Fortress, after Softbank deal, plans to launch flagship credit fund this year

  • Fortress raised its last flagship credit fund in 2015
  • Dearth of distressed opportunities in market
  • As of now, firm eyes less than $5 bln for next credit fund

Fortress Investment Group, which last year was acquired by Softbank, plans to hit the market with its next flagship private-credit fund later this year, according to a person with knowledge of the firm.

The person said Fortress talked about its plans at its recent annual general meeting. The firm will likely set a smaller target for Fortress Credit Opportunities Fund V than it raised for Fund IV, which closed in 2015 on around $5 billion.

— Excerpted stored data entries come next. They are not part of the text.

(* The Heisenberg group $\mathrm{UT}_3(\mathbb{Z})$ of upper unitriangular $3\times 3$ integer matrices is not strongly verbally closed.
   Context: A subgroup $H$ of a group $G$ is verbally closed in $G$ if every equation $w(x_1,\dots,x_n)=h$, where $w$ is an element of the free group $F(x_1,\dots,x_n)$ and $h\in H$, that has a solution in $G$ has a solution in $H$. $H$ is algebraically closed in $G$ if every finite system of equations $\{w_1=1,\dots,w_m=1\}$ with $w_i\in H*F(x_1,\dots,x_n)$ that has a solution in $G$ has a solution in $H$. A group $H$ is strongly verbally closed if it is algebraically closed in every group containing $H$ as a verbally closed subgroup. *)

theory Defs
  imports "HOL-Analysis.Finite_Cartesian_Product" "HOL-Algebra.Group"
begin

definition UT3Z :: "(int^3^3) monoid" where
  "UT3Z = \<lparr> carrier = {A :: int^3^3.
              A$1$1 = 1 \<and> A$2$2 = 1 \<and> A$3$3 = 1 \<and>
              A$2$1 = 0 \<and> A$3$1 = 0 \<and> A$3$2 = 0},
            mult = (\<lambda>A B. A ** B),
            one = mat 1 \<rparr>"

text \<open>Letters of words in G * F(x_0, x_1, ...): a variable x_i or its inverse
  (Var i True = x_i, Var i False = x_i^{-1}), or a constant from the group.
  A word in the free group is a list of letters without constants.\<close>

datatype 'c letter = Var nat bool | Cst 'c

fun evalw :: "('a, 'b) monoid_scheme \<Rightarrow> (nat \<Rightarrow> 'a) \<Rightarrow> 'a letter list \<Rightarrow> 'a" where
  "evalw G f [] = \<one>\<^bsub>G\<^esub>"
| "evalw G f (Var i True # w) = f i \<otimes>\<^bsub>G\<^esub> evalw G f w"
| "evalw G f (Var i False # w) = inv\<^bsub>G\<^esub> (f i) \<otimes>\<^bsub>G\<^esub> evalw G f w"
| "evalw G f (Cst c # w) = c \<otimes>\<^bsub>G\<^esub> evalw G f w"

definition coeff_free :: "'a letter list \<Rightarrow> bool" where
  "coeff_free w \<longleftrightarrow> (\<forall>c. Cst c \<notin> set w)"

definition coeffs_in :: "'a set \<Rightarrow> 'a letter list \<Rightarrow> bool" where
  "coeffs_in S w \<longleftrightarrow> (\<forall>c. Cst c \<in> set w \<longrightarrow> c \<in> S)"

definition verbally_closed :: "'a set \<Rightarrow> ('a, 'b) monoid_scheme \<Rightarrow> bool" where
  "verbally_closed H G \<longleftrightarrow>
     (\<forall>w h. coeff_free w \<longrightarrow> h \<in> H \<longrightarrow>
        (\<exists>f. (\<forall>i. f i \<in> carrier G) \<and> evalw G f w = h) \<longrightarrow>
        (\<exists>f. (\<forall>i. f i \<in> H) \<and> evalw G f w = h))"

definition algebraically_closed :: "'a set \<Rightarrow> ('a, 'b) monoid_scheme \<Rightarrow> bool" where
  "algebraically_closed H G \<longleftrightarrow>
     (\<forall>ws. (\<forall>w\<in>set ws. coeffs_in H w) \<longrightarrow>
        (\<exists>f. (\<forall>i. f i \<in> carrier G) \<and> (\<forall>w\<in>set ws. evalw G f w = \<one>\<^bsub>G\<^esub>)) \<longrightarrow>
        (\<exists>f. (\<forall>i. f i \<in> H) \<and> (\<forall>w\<in>set ws. evalw G f w = \<one>\<^bsub>G\<^esub>)))"

end
(* Let $\mathbf{k}$ be a field and let $p\in\mathbf{k}[y]$ satisfy: for all $\alpha,\beta,\gamma\in\mathbf{k}$, if $\deg[p(y)-\alpha p(\beta y+\gamma)]\le 1$ then $\alpha=\beta=1$ and $\gamma=0$. Let $\sigma=(y,x)$, $t=(-x+p(y),y)$ and $f=(\sigma\circ t)^2\circ\sigma\circ(t\circ\sigma)^2$ in $\mathrm{Aut}(\mathbb{A}^2_{\mathbf{k}})$. Then the subgroup $\langle B,f\rangle$ generated by $B$ and $f$ is strictly contained in $\mathrm{Aut}(\mathbb{A}^2_{\mathbf{k}})$.
   Context: $\mathrm{Aut}(\mathbb{A}^2_{\mathbf{k}})$ is the group of polynomial automorphisms $(f_1,f_2)$ of the affine plane over $\mathbf{k}$, with composition $g\circ f=(g_1(f_1,f_2),g_2(f_1,f_2))$. $B=\{(ax+q(y),\,b'y+c'): a,b'\in\mathbf{k}^*,\ c'\in\mathbf{k},\ q\in\mathbf{k}[y]\}$ is the Jonquières subgroup. *)

theory Defs
  imports "HOL-Computational_Algebra.Polynomial"
begin

text \<open>Bivariate polynomials k[x,y] are represented as (k[y])[x], i.e. by the type
  'a poly poly: the outer variable is x, the coefficients are polynomials in y.\<close>

type_synonym 'a bipoly = "'a poly poly"

definition polX :: "'a::comm_ring_1 bipoly" where
  "polX = [:0, 1:]"

definition polY :: "'a::comm_ring_1 bipoly" where
  "polY = [:[:0, 1:]:]"

definition eval2 :: "'a::comm_ring_1 bipoly \<Rightarrow> 'a bipoly \<Rightarrow> 'a bipoly \<Rightarrow> 'a bipoly" where
  "eval2 g f1 f2 = poly (map_poly (\<lambda>c. poly (map_poly (\<lambda>a. [:[:a:]:]) c) f2) g) f1"

type_synonym 'a endo2 = "'a bipoly \<times> 'a bipoly"

definition comp2 :: "'a::comm_ring_1 endo2 \<Rightarrow> 'a endo2 \<Rightarrow> 'a endo2" where
  "comp2 g f = (eval2 (fst g) (fst f) (snd f), eval2 (snd g) (fst f) (snd f))"

definition id2 :: "'a::comm_ring_1 endo2" where
  "id2 = (polX, polY)"

definition Aut2 :: "'a::comm_ring_1 endo2 set" where
  "Aut2 = {f. \<exists>g. comp2 g f = id2 \<and> comp2 f g = id2}"

text \<open>Jonquieres subgroup: (a x + q(y), b' y + c').\<close>
definition Jonq :: "'a::field endo2 set" where
  "Jonq = {(pCons q (pCons [:a:] 0), [:[:c', b':]:]) | a b' c' q. a \<noteq> 0 \<and> b' \<noteq> 0}"

inductive_set gen_subgroup :: "'a::comm_ring_1 endo2 set \<Rightarrow> 'a endo2 set" for S where
  gen_id: "id2 \<in> gen_subgroup S"
| gen_mult: "a \<in> gen_subgroup S \<Longrightarrow> s \<in> S \<Longrightarrow> comp2 s a \<in> gen_subgroup S"
| gen_inv: "a \<in> gen_subgroup S \<Longrightarrow> s \<in> S \<Longrightarrow> comp2 s' s = id2 \<Longrightarrow> comp2 s s' = id2
            \<Longrightarrow> comp2 s' a \<in> gen_subgroup S"

end

(* The automorphism \<sigma> = (y, x) lies outside \<langle>B, f\<rangle>.  Since f is an involution, every element
   of \<langle>B, f\<rangle> outside B is a word b\<^sub>0 f b\<^sub>1 f \<cdots> f b\<^sub>n with b\<^sub>1, \<dots>, b\<^sub>n\<^sub>-\<^sub>1 \<noteq> id, and
   f = \<sigma> (t\<sigma>)\<^sup>4.  Each application of t\<sigma> turns a pair (w\<^sub>1, w\<^sub>2) with deg w\<^sub>2 \<le> deg w\<^sub>1 (total
   degrees) into one with deg w\<^sub>2' = deg w\<^sub>1 < deg p \<cdot> deg w\<^sub>1 = deg w\<^sub>1', and an intermediate
   factor b\<^sub>i preserves the weak inequality unless it is affine.  If it is, it is
   absorbed by the neighbouring t\<sigma>'s, and the hypothesis on p says exactly that the resulting
   triangular map is again non-affine.  So the second component of every word has total
   degree at least 2, while that of \<sigma> is x. *)

theory Submission
  imports Defs
begin

text \<open>The polynomial \<open>q(x)\<close>, so that \<open>pcompose (liftX q) w\<close> is \<open>q(w)\<close>.\<close>
abbreviation liftX :: "'a::comm_ring_1 poly \<Rightarrow> 'a bipoly" where
  "liftX q \<equiv> map_poly (\<lambda>a. [:a:]) q"

locale comm_ring_hom =
  fixes hom :: "'a::comm_ring_1 \<Rightarrow> 'b::comm_ring_1"
  assumes hom_add: "hom (x + y) = hom x + hom y"
    and hom_mult: "hom (x * y) = hom x * hom y"
    and hom_1: "hom 1 = 1"
begin

lemma hom_0: "hom 0 = 0"
  using hom_add[of 0 0] by simp

lemma hom_uminus: "hom (- x) = - hom x"
  using hom_add[of "- x" x] by (simp add: hom_0 eq_neg_iff_add_eq_0)

lemma hom_diff: "hom (x - y) = hom x - hom y"
  using hom_add[of x "- y"] by (simp add: hom_uminus)

lemma map_poly_pCons_hom: "map_poly hom (pCons a p) = pCons (hom a) (map_poly hom p)"
  by (simp add: map_poly_pCons hom_0)

lemma map_poly_const_hom: "map_poly hom [:a:] = [:hom a:]"
  by (simp add: map_poly_pCons_hom)

lemma map_poly_add: "map_poly hom (p + q) = map_poly hom p + map_poly hom q"
  by (intro poly_eqI) (simp add: coeff_map_poly hom_0 hom_add)

lemma map_poly_diff: "map_poly hom (p - q) = map_poly hom p - map_poly hom q"
  by (intro poly_eqI) (simp add: coeff_map_poly hom_0 hom_diff)

lemma map_poly_smult_hom: "map_poly hom (smult a p) = smult (hom a) (map_poly hom p)"
  by (rule map_poly_smult) (simp_all add: hom_0 hom_mult)

lemma map_poly_mult: "map_poly hom (p * q) = map_poly hom p * map_poly hom q"
  by (induction p) (simp_all add: map_poly_add map_poly_smult_hom map_poly_pCons_hom hom_0)
lemma homogeneous_eq_if_dehom_eq:
  assumes hP: "homogeneous P n" and hQ: "homogeneous Q n" and eq: "dehom P = dehom Q"
  shows "P = Q"
proof (rule bipoly_eqI)
  fix i j
  show "bcoeff P i j = bcoeff Q i j"
  proof (cases "i + j = n")
    case True
    then show ?thesis
      using eq coeff_dehom_homogeneous[OF hP, of i] coeff_dehom_homogeneous[OF hQ, of i]
      by (metis add_diff_cancel_left' le_add1)
  next
    case False
    then show ?thesis
      using hP hQ unfolding homogeneous_def by metis
  qed
qed

lemma dehom_eq_0_iff: "homogeneous P n \<Longrightarrow> dehom P = 0 \<longleftrightarrow> P = 0"
  using homogeneous_eq_if_dehom_eq[of P n 0] by auto

definition homogenize :: "nat \<Rightarrow> complex poly \<Rightarrow> bipoly" where
  "homogenize n p = (\<Sum>i\<le>n. monom (monom (coeff p i) i) (n - i))"

lemma bcoeff_homogenize:
  "bcoeff (homogenize n p) i j = (if i \<le> n \<and> j = n - i then coeff p i else 0)"
proof -
  have "bcoeff (homogenize n p) i j = (\<Sum>k\<le>n. if k = i then (if n - i = j then coeff p i else 0) else 0)"
    unfolding homogenize_def bcoeff_def coeff_sum by (intro sum.cong) (auto simp: coeff_monom)
  also have "\<dots> = (if i \<le> n \<and> j = n - i then coeff p i else 0)"
    by auto
  finally show ?thesis .
qed

lemma homogeneous_homogenize: "homogeneous (homogenize n p) n"
  unfolding homogeneous_def bcoeff_homogenize by (auto split: if_splits)

lemma dehom_homogenize: "degree p \<le> n \<Longrightarrow> dehom (homogenize n p) = p"
  by (rule poly_eqI)
    (auto simp: coeff_dehom_homogeneous[OF homogeneous_homogenize] bcoeff_homogenize coeff_eq_0)

lemma eval2_mult [simp]: "eval2 (P * Q) a b = eval2 P a b * eval2 Q a b"
  and eval2_diff [simp]: "eval2 (P - Q) a b = eval2 P a b - eval2 Q a b"
  and eval2_power [simp]: "eval2 (P ^ k) a b = eval2 P a b ^ k"
  and eval2_numeral [simp]: "eval2 (numeral m) a b = numeral m"
  and eval2_T1 [simp]: "eval2 T1 a b = a"
  and eval2_T2 [simp]: "eval2 T2 a b = b"
  unfolding eval2_def T1_def T2_def by simp_all

lemma eval2_dehom: "eval2 P a 1 = poly (dehom P) a"
  unfolding eval2_def dehom_def by (simp add: pCons_one)

lemma eval2_1_0:
  assumes h: "homogeneous P n"
  shows "eval2 P 1 0 = coeff (dehom P) n"
proof -
  have "eval2 P 1 0 = (\<Sum>i\<le>degree (coeff P 0). bcoeff P i 0)"
    unfolding eval2_def bcoeff_def by (simp add: poly_altdef[of _ 1] poly_0_coeff_0)
  also have "\<dots> = (\<Sum>i\<le>degree (coeff P 0). if i = n then bcoeff P n 0 else 0)"
    using h by (intro sum.cong) (auto intro!: homogeneous_bcoeff_eq_0)
  also have "\<dots> = bcoeff P n 0"
    by (auto simp: bcoeff_def coeff_eq_0)
  finally show ?thesis
    using coeff_dehom_homogeneous[OF h, of n] by simp
qed

lemma linear_form_dvd:
  assumes h: "homogeneous H n" and root: "poly (dehom H) a = 0"
  shows "(T1 - bconst a * T2) dvd H"
proof (cases "H = 0")
  case False
  then have "dehom H \<noteq> 0"
    using dehom_eq_0_iff[OF h] by simp
  moreover obtain q where q: "dehom H = [:-a, 1:] * q"
    using root unfolding poly_eq_0_iff_dvd by (auto elim: dvdE)
  ultimately have "degree (dehom H) = 1 + degree q"
    unfolding q by (subst degree_mult_eq) auto
  then have dq: "degree q \<le> n - 1" and n: "n \<ge> 1"
    using degree_dehom_le[OF h] by auto
  have "homogeneous (T1 - bconst a * T2) 1"
    by (intro homogeneous_diff homogeneous_T1 homogeneous_mult[OF homogeneous_bconst homogeneous_T2]) simp
  then have "homogeneous ((T1 - bconst a * T2) * homogenize (n - 1) q) n"
    using n by (intro homogeneous_mult[OF _ homogeneous_homogenize]) auto
  moreover have "dehom ((T1 - bconst a * T2) * homogenize (n - 1) q) = dehom H"
    using q dehom_homogenize[OF dq] by simp
  ultimately have "H = (T1 - bconst a * T2) * homogenize (n - 1) q"
    using homogeneous_eq_if_dehom_eq[OF h] by metis
  then show ?thesis
    by simp
qed simp

lemma T2_factor:
  assumes h: "homogeneous H n" and top: "coeff (dehom H) n = 0"
  obtains G where "homogeneous G (n - 1)" "H = T2 * G"
proof (cases "H = 0")
  case True
  then show ?thesis
    using that[of 0] by simp
next
  case False
  then have nz: "dehom H \<noteq> 0"
    using dehom_eq_0_iff[OF h] by simp
  then have n: "degree (dehom H) < n"
    using degree_dehom_le[OF h] top le_degree[of "dehom H" "degree (dehom H)"]
    by (metis le_neq_implies_less leading_coeff_0_iff)
  have "homogeneous (T2 * homogenize (n - 1) (dehom H)) n"
    using n by (intro homogeneous_mult[OF homogeneous_T2 homogeneous_homogenize]) simp
  moreover have "dehom (T2 * homogenize (n - 1) (dehom H)) = dehom H"
    using n by (simp add: dehom_homogenize)
  ultimately show ?thesis
    using homogeneous_eq_if_dehom_eq[OF h] that homogeneous_homogenize by metis
qed

lemma coprime_forms_no_common_root:
  assumes "homogeneous P n" "homogeneous Q n" "coprime P Q"
  shows "\<not> (poly (dehom P) a = 0 \<and> poly (dehom Q) a = 0)"
proof
  assume "poly (dehom P) a = 0 \<and> poly (dehom Q) a = 0"
  then have "is_unit (T1 - bconst a * T2)"
    using assms coprime_common_divisor linear_form_dvd by metis
  then have "is_unit (dehom (T1 - bconst a * T2))"
    by (metis dehom_1 dehom_mult dvdE dvdI)
  then show False
    by (simp add: is_unit_poly_iff)
qed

Fund V will likely be smaller because of a dearth of opportunities in the market right now, the source said. Gordon Runte, spokesman for Fortress, declined to comment.

Fortress’s credit opportunity pools are private equity-structured vehicles that target investments in distressed and undervalued assets and credits. The credit PE funds include the Credit Opportunities funds as well as credit pools for investments in Japan and real estate.

Peter Briger, co-chairman of Fortress’s board of directors, launched the firm’s credit business in 2002. Constantine Dakolias, managing director, is co-chief investment officer of the credit funds with Briger, who is co-CIO. The credit group has invested more than $100 billion since 2002, according to Fortress’s website.

Fortress, founded in 1998, is led by Briger, Co-CEO Wes Edens and Co-Founder and Principal Randal Nardone. The firm had about $56.3 billion in discretionary regulatory assets under management as of Dec. 31, 2017, the firm’s Form ADV shows.

SoftBank said on Dec. 27 that it closed the acquisition of Fortress for about $3.3 billion cash.